> [DIRECTIONS]
Please report every line from the material that contains the word "slope".

> [RECORDS PROVIDED]

(* Let $Q_{R,d}$ and $Q_R$ be formal Laurent series in $\mathbb{Q}((x))$, for all data $R$ and all $d\in\mathbb{Z}$, satisfying for every $R$ and $d$ $$Q_R(x)=\sum_{r\ge1}\sum_{I:\ \ell(I)=r}\ \sum_{(d_1,\dots,d_r)}x^{N_R(I;d_1,\dots,d_r)}\prod_{k=1}^rQ_{R^I_k,d_k}(x),$$ with $(d_1,\dots,d_r)\in\mathbb{Z}^r$, $\sum d_i=d$, $\frac{d_1+\alpha(R^I_1)}{n(R^I_1)}>\dots>\frac{d_r+\alpha(R^I_r)}{n(R^I_r)}$. For a real $\lambda$ put $$Q^\lambda_{R,d}(x)=\sum_{r\ge1}\sum_{I:\ \ell(I)=r}\ \sum_{(d_1,\dots,d_r)}^{(\lambda)}x^{N_R(I;d_1,\dots,d_r)}\prod_{k=1}^rQ_{R^I_k,d_k}(x),$$ where the inner sum is over $(d_1,\dots,d_r)\in\mathbb{Z}^r$ with $\sum d_i=d$ and $\lambda\ge\frac{d_1+\alpha(R^I_1)}{n(R^I_1)}>\frac{d_2+\alpha(R^I_2)}{n(R^I_2)}>\dots>\frac{d_r+\alpha(R^I_r)}{n(R^I_r)}$, and $$S^\lambda_{R,d}(x)=\sum_{r\ge1}\sum_{I:\ \ell(I)=r}\frac{x^{M'_R(I;d)+M_R(I;\lambda)}}{(x^{n(R^I_1)+n(R^I_2)}-1)\cdots(x^{n(R^I_{r-1})+n(R^I_r)}-1)}\prod_{k=1}^rQ_{R^I_k}(x).$$ Then $Q^\lambda_{R,d}=S^\lambda_{R,d}$ for every data $R$, every $d\in\mathbb{Z}$ and every real $\lambda\ge(d+\alpha(R))/n(R)$.
   Context: Fix a finite set $S$, integers $m_P\ge1$ ($P\in S$) and reals $0\le\alpha^P_1<\dots<\alpha^P_{m_P}<1$. A data $R=(R^P_i)$ is a family of non-negative integers with $n(R)=\sum_iR^P_i$ positive and independent of $P$; $\alpha(R)=\sum_P\sum_iR^P_i\alpha^P_i$. A partition of $R$ of length $r=\ell(I)$ is a family of non-negative integers $I^P_{i,k}$, $1\le k\le r$, with $\sum_kI^P_{i,k}=R^P_i$, $\sum_iI^P_{i,k}$ independent of $P$, and for each $k$ some $I^P_{i,k}\ne0$; $(R^I_k)^P_i=I^P_{i,k}$, $(R^I_{\le k})^P_i=\sum_{k'\le k}I^P_{i,k'}$. Define $\sigma_R(I)=\sum_{P\in S}\sum_{k>l,\ i>t}I^P_{i,k}I^P_{t,l}$, $N_R(I;d_1,\dots,d_r)=\sum_{k>l}(d_ln(R^I_k)-d_kn(R^I_l))-\sigma_R(I)$, $M'_R(I;d)=-(n(R)-n(R^I_r))d-\sigma_R(I)+(2n(R)-n(R^I_1)-n(R^I_r))$, and $M_R(I;\lambda)=\sum_{k=1}^{r-1}(n(R^I_k)+n(R^I_{k+1}))[n(R^I_{\le k})\lambda-\alpha(R^I_{\le k})]$, with $[y]$ the integer part. Factors $1/(x^a-1)$ are expanded in $\mathbb{Q}((x))$. *)

theory Defs
  imports "HOL-Analysis.Infinite_Sum" "HOL-Computational_Algebra.Formal_Laurent_Series"
begin

text \<open>Points P range over a finite set S of type 'p; a datum R is the function
  P, i \<mapsto> R^P_i (for P in S, 1 \<le> i \<le> m P), normalised to be 0 outside that domain.\<close>

type_synonym 'p data = "'p \<Rightarrow> nat \<Rightarrow> nat"

definition is_data :: "'p set \<Rightarrow> ('p \<Rightarrow> nat) \<Rightarrow> 'p data \<Rightarrow> bool" where
  "is_data S m R \<longleftrightarrow>
     (\<forall>P i. (P \<notin> S \<or> i < 1 \<or> m P < i) \<longrightarrow> R P i = 0) \<and>
     (\<exists>n>0. \<forall>P\<in>S. (\<Sum>i=1..m P. R P i) = n)"

text \<open>n(R) (evaluated at some point of S; independent of the point for data)\<close>
definition dn :: "'p set \<Rightarrow> ('p \<Rightarrow> nat) \<Rightarrow> 'p data \<Rightarrow> nat" where
  "dn S m R = (\<Sum>i=1..m (SOME P. P \<in> S). R (SOME P. P \<in> S) i)"

definition dalpha :: "'p set \<Rightarrow> ('p \<Rightarrow> nat) \<Rightarrow> ('p \<Rightarrow> nat \<Rightarrow> real) \<Rightarrow> 'p data \<Rightarrow> real" where
  "dalpha S m \<alpha> R = (\<Sum>P\<in>S. \<Sum>i=1..m P. real (R P i) * \<alpha> P i)"

text \<open>A partition I of R of length r is encoded as the list [R^I_1, ..., R^I_r]
  (0-based list index k-1 for the paper's index k).\<close>
definition is_partition :: "'p set \<Rightarrow> ('p \<Rightarrow> nat) \<Rightarrow> 'p data \<Rightarrow> 'p data list \<Rightarrow> bool" where
  "is_partition S m R Is \<longleftrightarrow>
     Is \<noteq> [] \<and> (\<forall>Rk\<in>set Is. is_data S m Rk) \<and>
     (\<forall>P i. R P i = (\<Sum>k<length Is. (Is ! k) P i))"

definition prefix_data :: "'p data list \<Rightarrow> nat \<Rightarrow> 'p data" where
  "prefix_data Is k = (\<lambda>P i. \<Sum>j<k. (Is ! j) P i)"

definition sigma :: "'p set \<Rightarrow> ('p \<Rightarrow> nat) \<Rightarrow> 'p data list \<Rightarrow> int" where
  "sigma S m Is = (\<Sum>P\<in>S. \<Sum>k<length Is. \<Sum>l<k. \<Sum>i\<in>{1..m P}. \<Sum>t\<in>{1..<i}.
       int ((Is ! k) P i) * int ((Is ! l) P t))"

definition Nexp :: "'p set \<Rightarrow> ('p \<Rightarrow> nat) \<Rightarrow> 'p data list \<Rightarrow> int list \<Rightarrow> int" where
  "Nexp S m Is ds =
     (\<Sum>k<length Is. \<Sum>l<k. ds ! l * int (dn S m (Is ! k)) - ds ! k * int (dn S m (Is ! l)))
     - sigma S m Is"

definition M'exp :: "'p set \<Rightarrow> ('p \<Rightarrow> nat) \<Rightarrow> 'p data \<Rightarrow> 'p data list \<Rightarrow> int \<Rightarrow> int" where
  "M'exp S m R Is d =
     - (int (dn S m R) - int (dn S m (last Is))) * d - sigma S m Is
     + (2 * int (dn S m R) - int (dn S m (hd Is)) - int (dn S m (last Is)))"

definition Mexp :: "'p set \<Rightarrow> ('p \<Rightarrow> nat) \<Rightarrow> ('p \<Rightarrow> nat \<Rightarrow> real) \<Rightarrow> 'p data list \<Rightarrow> real \<Rightarrow> int" where
  "Mexp S m \<alpha> Is lam =
     (\<Sum>k\<in>{1..<length Is}. int (dn S m (Is ! (k - 1)) + dn S m (Is ! k)) *
        \<lfloor>real (dn S m (prefix_data Is k)) * lam - dalpha S m \<alpha> (prefix_data Is k)\<rfloor>)"

definition slope :: "'p set \<Rightarrow> ('p \<Rightarrow> nat) \<Rightarrow> ('p \<Rightarrow> nat \<Rightarrow> real) \<Rightarrow> 'p data \<Rightarrow> int \<Rightarrow> real" where
  "slope S m \<alpha> R d = (real_of_int d + dalpha S m \<alpha> R) / real (dn S m R)"

definition Dset :: "'p set \<Rightarrow> ('p \<Rightarrow> nat) \<Rightarrow> ('p \<Rightarrow> nat \<Rightarrow> real) \<Rightarrow> 'p data \<Rightarrow> int
                    \<Rightarrow> ('p data list \<times> int list) set" where
  "Dset S m \<alpha> R d = {(Is, ds). is_partition S m R Is \<and> length ds = length Is \<and> sum_list ds = d \<and>
      (\<forall>k. Suc k < length Is \<longrightarrow>
         slope S m \<alpha> (Is ! k) (ds ! k) > slope S m \<alpha> (Is ! Suc k) (ds ! Suc k))}"

definition qterm :: "'p set \<Rightarrow> ('p \<Rightarrow> nat) \<Rightarrow> ('p data \<Rightarrow> int \<Rightarrow> rat fls)
                    \<Rightarrow> 'p data list \<Rightarrow> int list \<Rightarrow> rat fls" where
  "qterm S m Q Is ds = fls_X_intpow (Nexp S m Is ds) * (\<Prod>k<length Is. Q (Is ! k) (ds ! k))"

definition Slam :: "'p set \<Rightarrow> ('p \<Rightarrow> nat) \<Rightarrow> ('p \<Rightarrow> nat \<Rightarrow> real) \<Rightarrow> ('p data \<Rightarrow> rat fls)
                    \<Rightarrow> 'p data \<Rightarrow> int \<Rightarrow> real \<Rightarrow> rat fls" where
  "Slam S m \<alpha> Q R d lam =
     (\<Sum>Is\<in>{Is. is_partition S m R Is}.
        fls_X_intpow (M'exp S m R Is d + Mexp S m \<alpha> Is lam) *
        (\<Prod>k\<in>{1..<length Is}. inverse (fls_X ^ (dn S m (Is ! (k - 1)) + dn S m (Is ! k)) - 1)) *
        (\<Prod>k<length Is. Q (Is ! k)))"

end

theory Submission
  imports Defs "HOL-Library.Function_Algebras"
begin

(* Both sides are step functions of lam for lam >= mu(R,d). The truncated sum Q^lam only changes when
   lam crosses a slope mu(X,e) = (e + alpha(X))/n(X) of a subdatum X <= R, and so do the floors in
   M_R(I;lam). At such a wall nu, the terms leaving Q^lam are those whose first part has slope nu;
   splitting that part off gives x^(...) Q_{X,e} Q^(nu-)_{R-X,d-e}. The terms of S^lam change at the
   cuts k where n(R^I_{<=k}) nu - alpha(R^I_{<=k}) is an integer: there the exponent jumps by
   n(R^I_k) + n(R^I_{k+1}), cancelling one denominator, and cutting I at k gives
   x^(...) S^nu_{X,e} S^(nu-)_{R-X,d-e}. By induction on n(R) the two jumps agree, so Q^lam - S^lam
   is constant. As lam -> oo, Q^lam -> Q_R by hypothesis, while every term of S^lam with r >= 2 tends
   to 0 since M_R(I;lam) -> oo; the remaining term is Q_R, so the constant is 0. *)

(* Data are added pointwise; left as simp rules, these would eta-expand every sum of data. *)
declare plus_fun_apply [simp del] zero_fun_apply [simp del]

lemma sum_list_fun_apply: "sum_list fs x = sum_list (map (\<lambda>f. f x) fs)"
  by (induction fs) (simp_all add: plus_fun_apply zero_fun_apply)

lemma sum_list_map_conv_sum_nth: "sum_list (map f xs) = (\<Sum>k<length xs. f (xs ! k))"
  by (simp add: sum_list_sum_nth atLeast0LessThan)

lemma prod_list_map_conv_prod_nth: "prod_list (map f xs) = (\<Prod>k<length xs. f (xs ! k))"
  by (induction xs) (simp_all add: prod.lessThan_Suc_shift del: prod.lessThan_Suc)

lemma sum_list_ge_length_times:
  fixes xs :: "int list"
  assumes "\<forall>x\<in>set xs. x \<le> B" "0 \<le> B" "y \<in> set xs"
  shows "sum_list xs - int (length xs) * B \<le> y"
  using assms
proof (induction xs)
  case (Cons x xs)
  have "sum_list xs \<le> int (length xs) * B"
    using Cons.prems(1) sum_list_mono[of xs "\<lambda>x. x" "\<lambda>_. B"] by (simp add: sum_list_triv)
  then show ?case
    using Cons by (cases "y = x") (auto simp: algebra_simps)
qed simp

lemma sum_atLeastLessThan_split_at:
  fixes f :: "nat \<Rightarrow> 'a::comm_monoid_add"
  assumes "1 \<le> c" "c < r"
  shows "(\<Sum>k\<in>{1..<r}. f k) = (\<Sum>k\<in>{1..<c}. f k) + f c + (\<Sum>j\<in>{1..<r-c}. f (c + j))"
proof -
  have "(\<Sum>k\<in>{1..<r}. f k) = (\<Sum>k\<in>{1..<c}. f k) + (\<Sum>k\<in>{c..<r}. f k)"
    using assms sum.atLeastLessThan_concat[of 1 c r f] by simp
  also have "(\<Sum>k\<in>{c..<r}. f k) = f c + (\<Sum>k\<in>{Suc c..<r}. f k)"
    using assms by (simp add: sum.atLeast_Suc_lessThan)
  also have "(\<Sum>k\<in>{Suc c..<r}. f k) = (\<Sum>j\<in>{1..<r-c}. f (c + j))"
    using sum.shift_bounds_nat_ivl[of f 1 c "r-c"] assms by (simp add: add.commute)
  finally show ?thesis by (simp add: add.assoc)
qed

lemma prod_atLeastLessThan_remove_split:
  fixes f :: "nat \<Rightarrow> 'a::comm_monoid_mult"
  assumes "1 \<le> c" "c < r"
  shows "(\<Prod>k\<in>{1..<r}-{c}. f k) = (\<Prod>k\<in>{1..<c}. f k) * (\<Prod>j\<in>{1..<r-c}. f (c + j))"
proof -
  have "{1..<r}-{c} = {1..<c} \<union> {Suc c..<r}" using assms by auto
  then have "(\<Prod>k\<in>{1..<r}-{c}. f k) = (\<Prod>k\<in>{1..<c}. f k) * (\<Prod>k\<in>{Suc c..<r}. f k)"
    by (simp add: prod.union_disjoint)
  also have "(\<Prod>k\<in>{Suc c..<r}. f k) = (\<Prod>j\<in>{1..<r-c}. f (c + j))"
    using prod.shift_bounds_nat_ivl[of f 1 c "r-c"] assms by (simp add: add.commute)
  finally show ?thesis .
qed

lemma sum_adjacent_pairs:
  fixes f :: "nat \<Rightarrow> nat"
  assumes "1 \<le> r"
  shows "(\<Sum>k\<in>{1..<r}. f (k - 1) + f k) + f 0 + f (r - 1) = 2 * (\<Sum>k<r. f k)"
  using assms
proof (induction r rule: nat_induct_at_least)
  case (Suc r)
  then show ?case
    by (simp add: sum.atLeastLessThan_Suc)
qed simp

lemma sum_Sigma_eq:
  "finite A \<Longrightarrow> (\<And>x. x \<in> A \<Longrightarrow> finite (B x)) \<Longrightarrow> sum f (Sigma A B) = (\<Sum>x\<in>A. \<Sum>y\<in>B x. f (x, y))"
  by (subst sum.Sigma) auto

lemma step_function_constant:
  fixes f :: "real \<Rightarrow> 'a"
  assumes finite_jumps: "\<And>a b. finite (C \<inter> {a<..b})"
    and const: "\<And>a b. l0 \<le> a \<Longrightarrow> a \<le> b \<Longrightarrow> C \<inter> {a<..b} = {} \<Longrightarrow> f b = f a"
    and left_const: "\<And>\<nu>. \<nu> \<in> C \<Longrightarrow> l0 < \<nu> \<Longrightarrow> \<exists>\<delta>>0. \<forall>t. 0 < t \<and> t \<le> \<delta> \<longrightarrow> f (\<nu> - t) = f \<nu>"
    and "l0 \<le> l"
  shows "f l = f l0"
  using \<open>l0 \<le> l\<close>
proof (induction "card (C \<inter> {l0<..l})" arbitrary: l rule: less_induct)
  case less
  show ?case
  proof (cases "C \<inter> {l0<..l} = {}")
    case True
    then show ?thesis using const[of l0 l] less.prems by simp
  next
    case False
    define \<nu> where "\<nu> = Max (C \<inter> {l0<..l})"
    have \<nu>: "\<nu> \<in> C" "l0 < \<nu>" "\<nu> \<le> l"
      using Max_in[OF finite_jumps False] by (auto simp: \<nu>_def)
    have "C \<inter> {\<nu><..l} = {}"
      using Max_ge[OF finite_jumps, of _ l0 l] \<nu>(2) unfolding \<nu>_def[symmetric] by fastforce
    then have "f l = f \<nu>" using const[of \<nu> l] \<nu> by simp
    obtain \<delta> where "\<delta> > 0" and \<delta>: "\<And>t. 0 < t \<Longrightarrow> t \<le> \<delta> \<Longrightarrow> f (\<nu> - t) = f \<nu>"
      using left_const \<nu> by blast
    define t where "t = min \<delta> ((\<nu> - l0) / 2)"
    have t: "0 < t" "t \<le> \<delta>" "t < \<nu> - l0"
      using \<open>\<delta> > 0\<close> \<nu> by (auto simp: t_def min_def)
    have "\<nu> \<in> C \<inter> {l0<..l}" "\<nu> \<notin> C \<inter> {l0<..\<nu> - t}" "C \<inter> {l0<..\<nu> - t} \<subseteq> C \<inter> {l0<..l}"
      using \<nu> t by auto
    then have "C \<inter> {l0<..\<nu> - t} \<subset> C \<inter> {l0<..l}"
      by blast
    then have "f (\<nu> - t) = f l0"
      using less.hyps[of "\<nu> - t"] psubset_card_mono[OF finite_jumps] t by simp
    then show ?thesis using \<open>f l = f \<nu>\<close> \<delta>[OF t(1,2)] by simp
  qed
qed

lemma fls_X_power_minus_1_neq_0: "0 < n \<Longrightarrow> (fls_X ^ n - 1 :: 'a::ring_1 fls) \<noteq> 0"
proof
  assume "0 < n" "(fls_X ^ n - 1 :: 'a fls) = 0"
  then have "fls_subdegree (fls_X ^ n :: 'a fls) = fls_subdegree (1 :: 'a fls)" by simp
  then show False using \<open>0 < n\<close> by simp
qed

lemma fls_X_power_conv_intpow: "(fls_X ^ n :: 'a::ring_1 fls) = fls_X_intpow (int n)"
  by (simp add: fls_X_power_conv_shift_1)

> [RESULT OF THE EXERCISE]
definition slope :: "'p set \<Rightarrow> ('p \<Rightarrow> nat) \<Rightarrow> ('p \<Rightarrow> nat \<Rightarrow> real) \<Rightarrow> 'p data \<Rightarrow> int \<Rightarrow> real" where
  "slope S m \<alpha> R d = (real_of_int d + dalpha S m \<alpha> R) / real (dn S m R)"
         slope S m \<alpha> (Is ! k) (ds ! k) > slope S m \<alpha> (Is ! Suc k) (ds ! Suc k))}"
   lam crosses a slope mu(X,e) = (e + alpha(X))/n(X) of a subdatum X <= R, and so do the floors in
   M_R(I;lam). At such a wall nu, the terms leaving Q^lam are those whose first part has slope nu;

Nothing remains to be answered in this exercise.